In 1954 Philipp Frank published an article in the Scientific Monthly called “On the Variety of Reasons for the Acceptance of Scientific Theories.”50 He drew the striking conclusion that “the building of a scientific theory is not essentially different from the building of an airplane” (144). I will use Frank’s argument to comment on the theories developed in fluid dynamics and aero­dynamics, but first I should say a little about Frank himself.51 From 1912 to 1938 he was the professor of theoretical physics at the German University of Prague. A pupil of Boltzmann, Klein, and Hilbert, Frank had taken over the chair from Einstein when Einstein received the call to Zurich and then to Berlin. He had attended Einstein’s seminars in Prague, and Einstein strongly supported his appointment.

In their student days, before World War I, Frank and von Mises talked philosophy in their favorite Viennese coffeehouse and together played a seminal role in the formation of the Vienna Circle.52 In the interwar years, as established academics, Frank and von Mises jointly edited a book on the differential and integral equations of mechanics and physics, Die Differential – und Integralgleichungen der Mechanik und Physik,53 which brought together a range of distinguished contributors. Von Mises edited the first volume on mathematical methods, while Frank handled the second, more physically oriented, volume which included chapters by Noether, Oseen, Sommerfeld, Trefftz, and von Karman, who wrote on ideal fluid theory.54 The Frank-Mises collection, which was an update of a famous textbook by Riemann and Weber, established itself as a standard work in German-speaking Europe.55 In 1938 Frank was forced to leave Prague because of the threatening political situation in Europe, and he went to the United States. During and after World War II, he taught physics, mathematics, and the philosophy of science at Harvard.

Like that of von Mises, Frank’s philosophical position was self-consciously “positivist” in the priority given to empirical data and the secondary, instru­mental role given to theoretical constructs. Frank admired Ernst Mach as a representative of Enlightenment thinking, though his admiration was not uncritical, and he did not go along with Mach’s rejection of atomism.56 Much of Frank’s philosophical work was devoted to the analysis of relativity theory, quantum theory, and non-Euclidian geometry.57 He was a firm believer in the unity of science and rejected the idea that there was a fundamental divide between the natural and human sciences.58 He also insisted on the need to understand science as a sociological phenomenon. The sociology of science was part of “a general science of human behaviour” (140)—a theme central to the Scientific Monthly article.59

Frank asserted that most scientists, in their public statements, assume that two, and only two, considerations are relevant when assessing a scientific the­ory. These are (1) that the theory should explain the relevant facts generated by observation and (2) that it should possess the virtue of mathematical simplic­ity. Frank then noted that, historically, scientists (or those occupying the role we now identify as “ scientist”) have often used two further criteria. These are

(3) that the theory should be useful for technological purposes and (4) that it should have apparent implications for ethical and political questions. Does the theory encourage or undermine desirable patterns of behavior, either in society at large or in the community of scientists themselves? Such questions are often presented in a disguised form, for example, Is the theory consistent with common sense or received opinion or does it flout them? Common sense and received opinion, Frank argued, typically fuse together a picture of nature and a picture of society. The demand for consistency then becomes a form of social control that can be used for good or ill.
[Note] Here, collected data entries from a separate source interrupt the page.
(* Let $A$ be a simple finite-dimensional associative superalgebra over an algebraically closed field $\mathbb{K}$ of characteristic zero. Then $A$ admits an even-symmetric structure if and only if $A$ is isomorphic to $M_{r,s}(\mathbb{K})$ for some integers $r\ge 1$, $s\ge 0$. In particular, the field $\mathbb{K}$ (with $\mathbb{K}_{\bar 1}=\{0\}$) is, up to isomorphism, the unique simple associative supercommutative superalgebra admitting an even-symmetric structure.
   Context: A superalgebra is a $\mathbb{Z}_2$-graded algebra $A=A_{\bar 0}\oplus A_{\bar 1}$ with $A_\alpha A_\beta\subseteq A_{\alpha+\beta}$; $|x|$ denotes the degree of a homogeneous element. An associative superalgebra is simple if its product is not identically zero and its only graded two-sided ideals are $\{0\}$ and $A$. It is supercommutative if $xy=(-1)^{|x||y|}yx$ for homogeneous $x,y$. An even-symmetric structure on $A$ is a bilinear form $B$ with $B(A_{\bar 0},A_{\bar 1})=B(A_{\bar 1},A_{\bar 0})=\{0\}$ which is supersymmetric ($B(x,y)=(-1)^{|x||y|}B(y,x)$ for homogeneous $x,y$), associative ($B(xy,z)=B(x,yz)$) and non-degenerate. For $r\ge1$, $s\ge0$, $n=r+s$, $M_{r,s}(\mathbb{K})$ is the matrix algebra $M_n(\mathbb{K})$ with even part the block-diagonal matrices $\begin{pmatrix}a&0\\0&b\end{pmatrix}$, $a\in M_r(\mathbb{K})$, $b\in M_s(\mathbb{K})$, and odd part the block-off-diagonal matrices $\begin{pmatrix}0&c\\d&0\end{pmatrix}$, $c\in M_{r\times s}(\mathbb{K})$, $d\in M_{s\times r}(\mathbb{K})$. *)

theory Defs
  imports Main "HOL-Computational_Algebra.Polynomial"
begin

text \<open>A field is algebraically closed if every non-constant polynomial has a root.
  Characteristic zero is expressed by the type class field_char_0.\<close>
definition alg_closed :: "'k::field itself \<Rightarrow> bool" where
  "alg_closed _ \<longleftrightarrow> (\<forall>p :: 'k poly. degree p \<ge> 1 \<longrightarrow> (\<exists>z. poly p z = 0))"

definition superalgebra ::
  "('k::field \<Rightarrow> 'a::ab_group_add \<Rightarrow> 'a) \<Rightarrow> ('a \<Rightarrow> 'a \<Rightarrow> 'a) \<Rightarrow> 'a set \<Rightarrow> 'a set \<Rightarrow> bool" where
  "superalgebra sc mul A0 A1 \<longleftrightarrow>
     vector_space sc \<and>
     (\<forall>x y z. mul (x + y) z = mul x z + mul y z) \<and>
     (\<forall>x y z. mul x (y + z) = mul x y + mul x z) \<and>
     (\<forall>c x y. mul (sc c x) y = sc c (mul x y)) \<and>
     (\<forall>c x y. mul x (sc c y) = sc c (mul x y)) \<and>
     module.subspace sc A0 \<and> module.subspace sc A1 \<and>
     A0 \<inter> A1 = {0} \<and>
     (\<forall>x. \<exists>u\<in>A0. \<exists>v\<in>A1. x = u + v) \<and>
     (\<forall>x\<in>A0. \<forall>y\<in>A0. mul x y \<in> A0) \<and>
     (\<forall>x\<in>A0. \<forall>y\<in>A1. mul x y \<in> A1) \<and>
     (\<forall>x\<in>A1. \<forall>y\<in>A0. mul x y \<in> A1) \<and>
     (\<forall>x\<in>A1. \<forall>y\<in>A1. mul x y \<in> A0)"

definition associative_mul :: "('a \<Rightarrow> 'a \<Rightarrow> 'a) \<Rightarrow> bool" where
  "associative_mul mul \<longleftrightarrow> (\<forall>x y z. mul (mul x y) z = mul x (mul y z))"

definition fin_dim :: "('k::field \<Rightarrow> 'a::ab_group_add \<Rightarrow> 'a) \<Rightarrow> bool" where
  "fin_dim sc \<longleftrightarrow> (\<exists>S. finite S \<and> module.span sc S = UNIV)"

definition graded_ideal ::
  "('k::field \<Rightarrow> 'a::ab_group_add \<Rightarrow> 'a) \<Rightarrow> ('a \<Rightarrow> 'a \<Rightarrow> 'a) \<Rightarrow> 'a set \<Rightarrow> 'a set \<Rightarrow> 'a set \<Rightarrow> bool" where
  "graded_ideal sc mul A0 A1 I \<longleftrightarrow>
     module.subspace sc I \<and>
     (\<forall>x\<in>I. \<forall>a. mul a x \<in> I \<and> mul x a \<in> I) \<and>
     (\<forall>x\<in>I. \<exists>u\<in>I \<inter> A0. \<exists>v\<in>I \<inter> A1. x = u + v)"

definition simple_superalgebra ::
  "('k::field \<Rightarrow> 'a::ab_group_add \<Rightarrow> 'a) \<Rightarrow> ('a \<Rightarrow> 'a \<Rightarrow> 'a) \<Rightarrow> 'a set \<Rightarrow> 'a set \<Rightarrow> bool" where
  "simple_superalgebra sc mul A0 A1 \<longleftrightarrow>
     (\<exists>x y. mul x y \<noteq> 0) \<and>
     (\<forall>I. graded_ideal sc mul A0 A1 I \<longrightarrow> I = {0} \<or> I = UNIV)"

definition supercommutative :: "('a::ab_group_add \<Rightarrow> 'a \<Rightarrow> 'a) \<Rightarrow> 'a set \<Rightarrow> 'a set \<Rightarrow> bool" where
  "supercommutative mul A0 A1 \<longleftrightarrow>
     (\<forall>x\<in>A0. \<forall>y\<in>A0 \<union> A1. mul x y = mul y x) \<and>
     (\<forall>x\<in>A1. \<forall>y\<in>A1. mul x y = - mul y x)"

definition even_symmetric_structure ::
  "('k::field \<Rightarrow> 'a::ab_group_add \<Rightarrow> 'a) \<Rightarrow> ('a \<Rightarrow> 'a \<Rightarrow> 'a) \<Rightarrow> 'a set \<Rightarrow> 'a set
    \<Rightarrow> ('a \<Rightarrow> 'a \<Rightarrow> 'k) \<Rightarrow> bool" where
  "even_symmetric_structure sc mul A0 A1 B \<longleftrightarrow>
     (\<forall>x y z. B (x + y) z = B x z + B y z) \<and>
     (\<forall>x y z. B x (y + z) = B x y + B x z) \<and>
     (\<forall>c x y. B (sc c x) y = c * B x y) \<and>
     (\<forall>c x y. B x (sc c y) = c * B x y) \<and>
     (\<forall>x\<in>A0. \<forall>y\<in>A1. B x y = 0 \<and> B y x = 0) \<and>
     (\<forall>x\<in>A0. \<forall>y\<in>A0 \<union> A1. B x y = B y x) \<and>
     (\<forall>x\<in>A1. \<forall>y\<in>A1. B x y = - B y x) \<and>
     (\<forall>x y z. B (mul x y) z = B x (mul y z)) \<and>
     (\<forall>x. (\<forall>y. B x y = 0) \<longrightarrow> x = 0)"

definition admits_ess ::
  "('k::field \<Rightarrow> 'a::ab_group_add \<Rightarrow> 'a) \<Rightarrow> ('a \<Rightarrow> 'a \<Rightarrow> 'a) \<Rightarrow> 'a set \<Rightarrow> 'a set \<Rightarrow> bool" where
  "admits_ess sc mul A0 A1 \<longleftrightarrow> (\<exists>B. even_symmetric_structure sc mul A0 A1 B)"

text \<open>n x n matrices over 'k are represented as functions nat => nat => 'k vanishing
  outside {0..<n} x {0..<n}, where n = r + s.\<close>
definition mat_carrier :: "nat \<Rightarrow> (nat \<Rightarrow> nat \<Rightarrow> 'k::field) set" where
  "mat_carrier n = {X. \<forall>i j. (n \<le> i \<or> n \<le> j) \<longrightarrow> X i j = 0}"

definition mat_add :: "(nat \<Rightarrow> nat \<Rightarrow> 'k::field) \<Rightarrow> (nat \<Rightarrow> nat \<Rightarrow> 'k) \<Rightarrow> nat \<Rightarrow> nat \<Rightarrow> 'k" where
  "mat_add X Y = (\<lambda>i j. X i j + Y i j)"

definition mat_smult :: "'k::field \<Rightarrow> (nat \<Rightarrow> nat \<Rightarrow> 'k) \<Rightarrow> nat \<Rightarrow> nat \<Rightarrow> 'k" where
  "mat_smult c X = (\<lambda>i j. c * X i j)"

definition mat_mult :: "nat \<Rightarrow> (nat \<Rightarrow> nat \<Rightarrow> 'k::field) \<Rightarrow> (nat \<Rightarrow> nat \<Rightarrow> 'k) \<Rightarrow> nat \<Rightarrow> nat \<Rightarrow> 'k" where
  "mat_mult n X Y = (\<lambda>i j. \<Sum>k<n. X i k * Y k j)"

text \<open>Even part: block-diagonal; odd part: block-off-diagonal (w.r.t. blocks of size r, s).\<close>
definition mat_even :: "nat \<Rightarrow> nat \<Rightarrow> (nat \<Rightarrow> nat \<Rightarrow> 'k::field) set" where
  "mat_even r s = {X \<in> mat_carrier (r + s). \<forall>i j. (i < r) \<noteq> (j < r) \<longrightarrow> X i j = 0}"

definition mat_odd :: "nat \<Rightarrow> nat \<Rightarrow> (nat \<Rightarrow> nat \<Rightarrow> 'k::field) set" where
  "mat_odd r s = {X \<in> mat_carrier (r + s). \<forall>i j. (i < r) = (j < r) \<longrightarrow> X i j = 0}"

definition iso_Mrs ::
  "('k::field \<Rightarrow> 'a::ab_group_add \<Rightarrow> 'a) \<Rightarrow> ('a \<Rightarrow> 'a \<Rightarrow> 'a) \<Rightarrow> 'a set \<Rightarrow> 'a set
    \<Rightarrow> nat \<Rightarrow> nat \<Rightarrow> bool" where
  "iso_Mrs sc mul A0 A1 r s \<longleftrightarrow>
     (\<exists>f :: 'a \<Rightarrow> nat \<Rightarrow> nat \<Rightarrow> 'k.
        bij_betw f UNIV (mat_carrier (r + s)) \<and>
        (\<forall>x y. f (x + y) = mat_add (f x) (f y)) \<and>
        (\<forall>c x. f (sc c x) = mat_smult c (f x)) \<and>
        (\<forall>x y. f (mul x y) = mat_mult (r + s) (f x) (f y)) \<and>
        f ` A0 = mat_even r s \<and>
        f ` A1 = mat_odd r s)"

end

theory Submission
  imports Defs
begin

text \<open>
  Let \<open>L\<close> be a minimal graded left ideal of \<open>A\<close>. Since \<open>\<bbbK>\<close> is algebraically closed, right
  multiplication by an even element of \<open>L\<close> has an eigenvector, and by minimality it acts on \<open>L\<close>
  as a scalar (Schur). Rescaling gives an even idempotent \<open>e \<in> L\<close> acting as the identity on \<open>L\<close>,
  and \<open>e A\<^sub>0 e = \<bbbK> e\<close>. The even-symmetric form forces \<open>B(e,e) \<noteq> 0\<close>; for odd \<open>w = eae\<close> one gets
  \<open>B(e,w\<^sup>2) = B(w,w) = 0\<close> (characteristic \<open>\<noteq> 2\<close>), so \<open>w\<^sup>2 = 0\<close> and then \<open>w = 0\<close>. Hence \<open>eAe = \<bbbK> e\<close>,
  and multiplication \<open>eA \<times> L \<rightarrow> eAe\<close> is a nondegenerate pairing of graded spaces. Homogeneous dual
  bases \<open>x\<^sub>i \<in> L\<close>, \<open>y\<^sub>i \<in> eA\<close> (even ones first) give the isomorphism \<open>a \<mapsto> (y\<^sub>i a x\<^sub>j)\<^sub>i\<^sub>j\<close> onto
  \<open>M_{r,s}(\<bbbK>)\<close>, with \<open>r \<ge> 1\<close> because \<open>e\<close> is even.

  Conversely, \<open>(X, Y) \<mapsto> str(XY)\<close> is an even-symmetric structure on \<open>M_{r,s}(\<bbbK>)\<close>, and for
  \<open>r + s \<ge> 2\<close> the homogeneous matrix units \<open>E\<^sub>0\<^sub>0\<close> and \<open>E\<^sub>0\<^sub>1\<close> do not commute, so only
  \<open>M_{1,0}(\<bbbK>) = \<bbbK>\<close> is supercommutative.
\<close>

definition poly_apply ::
    "('a::field \<Rightarrow> 'b::ab_group_add \<Rightarrow> 'b) \<Rightarrow> ('b \<Rightarrow> 'b) \<Rightarrow> 'a poly \<Rightarrow> 'b \<Rightarrow> 'b" where
  "poly_apply scale f p x = (\<Sum>k\<le>degree p. scale (poly.coeff p k) ((f ^^ k) x))"

context vector_space
begin

lemma poly_apply_eq_sum:
  assumes "degree p \<le> n"
  shows "poly_apply scale f p x = (\<Sum>k\<le>n. poly.coeff p k *s (f ^^ k) x)"
  unfolding poly_apply_def
  by (rule sum.mono_neutral_left) (use assms in \<open>auto intro: coeff_eq_0\<close>)

lemma poly_apply_add: "poly_apply scale f (p + q) x = poly_apply scale f p x + poly_apply scale f q x"
proof -
  define n where "n = max (degree p) (degree q)"
  have "degree (p + q) \<le> n" unfolding n_def by (rule degree_add_le) auto
  then show ?thesis
    by (simp add: poly_apply_eq_sum[of _ n] n_def scale_left_distrib sum.distrib)
qed

lemma poly_apply_smult: "poly_apply scale f (smult c p) x = c *s poly_apply scale f p x"
  by (cases "c = 0") (simp_all add: poly_apply_def scale_sum_right)

lemma poly_apply_pCons: "poly_apply scale f (pCons a p) x = a *s x + poly_apply scale f p (f x)"
proof (cases "p = 0")
  case False
  then have "degree (pCons a p) = Suc (degree p)" by simp
  then show ?thesis
    unfolding poly_apply_def by (simp only: sum.atMost_Suc_shift) (simp add: funpow_swap1)
qed (simp add: poly_apply_def)

context
  fixes f :: "'b \<Rightarrow> 'b"
  assumes f_add: "\<And>x y. f (x + y) = f x + f y"
    and f_scale: "\<And>c x. f (c *s x) = c *s f x"
begin

lemma funpow_map_add: "(f ^^ k) (x + y) = (f ^^ k) x + (f ^^ k) y"
  by (induction k) (simp_all add: f_add)

lemma funpow_map_scale: "(f ^^ k) (c *s x) = c *s (f ^^ k) x"
  by (induction k) (simp_all add: f_scale)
In Frank’s opinion it is naive to believe that theory assessment can be confined to the two, internal-seeming criteria. He offered three reasons. First, he noted that no theory has ever explained all of the observed facts that fall under its scope. Some selection always has to be made. Second, there is no unproblematic measure of simplicity. No theory has “perfect” simplic­ity. Simplicity will be judged differently from different, but equally rational, perspectives, depending on background knowledge, goals, and interests. Third, criteria (1) and (2) are frequently in competition with one another. The greater the number of facts that can be explained, or the greater the ac­curacy of the explanation, the more complicated the theory must be, while the simpler it is, the fewer are the facts that can be explained. Linear functions are simpler than functions of the second or higher degree, which is why phys­ics is full of laws that express simple proportionality, for example, Hooke’s law or Ohm’s law. “In all these cases,” wrote Frank, “there is no doubt that a nonlinear relationship would describe the facts in a more accurate way, but one tries to get along with a linear law as much as possible” (139-40). What is it to be: convenience or truth? Nothing within the boundaries of science itself, narrowly conceived, will yield the answer. This is why scientists have always moved outside criteria (1) and (2), and, consciously or unconsciously, invoked criteria of types (3) and (4).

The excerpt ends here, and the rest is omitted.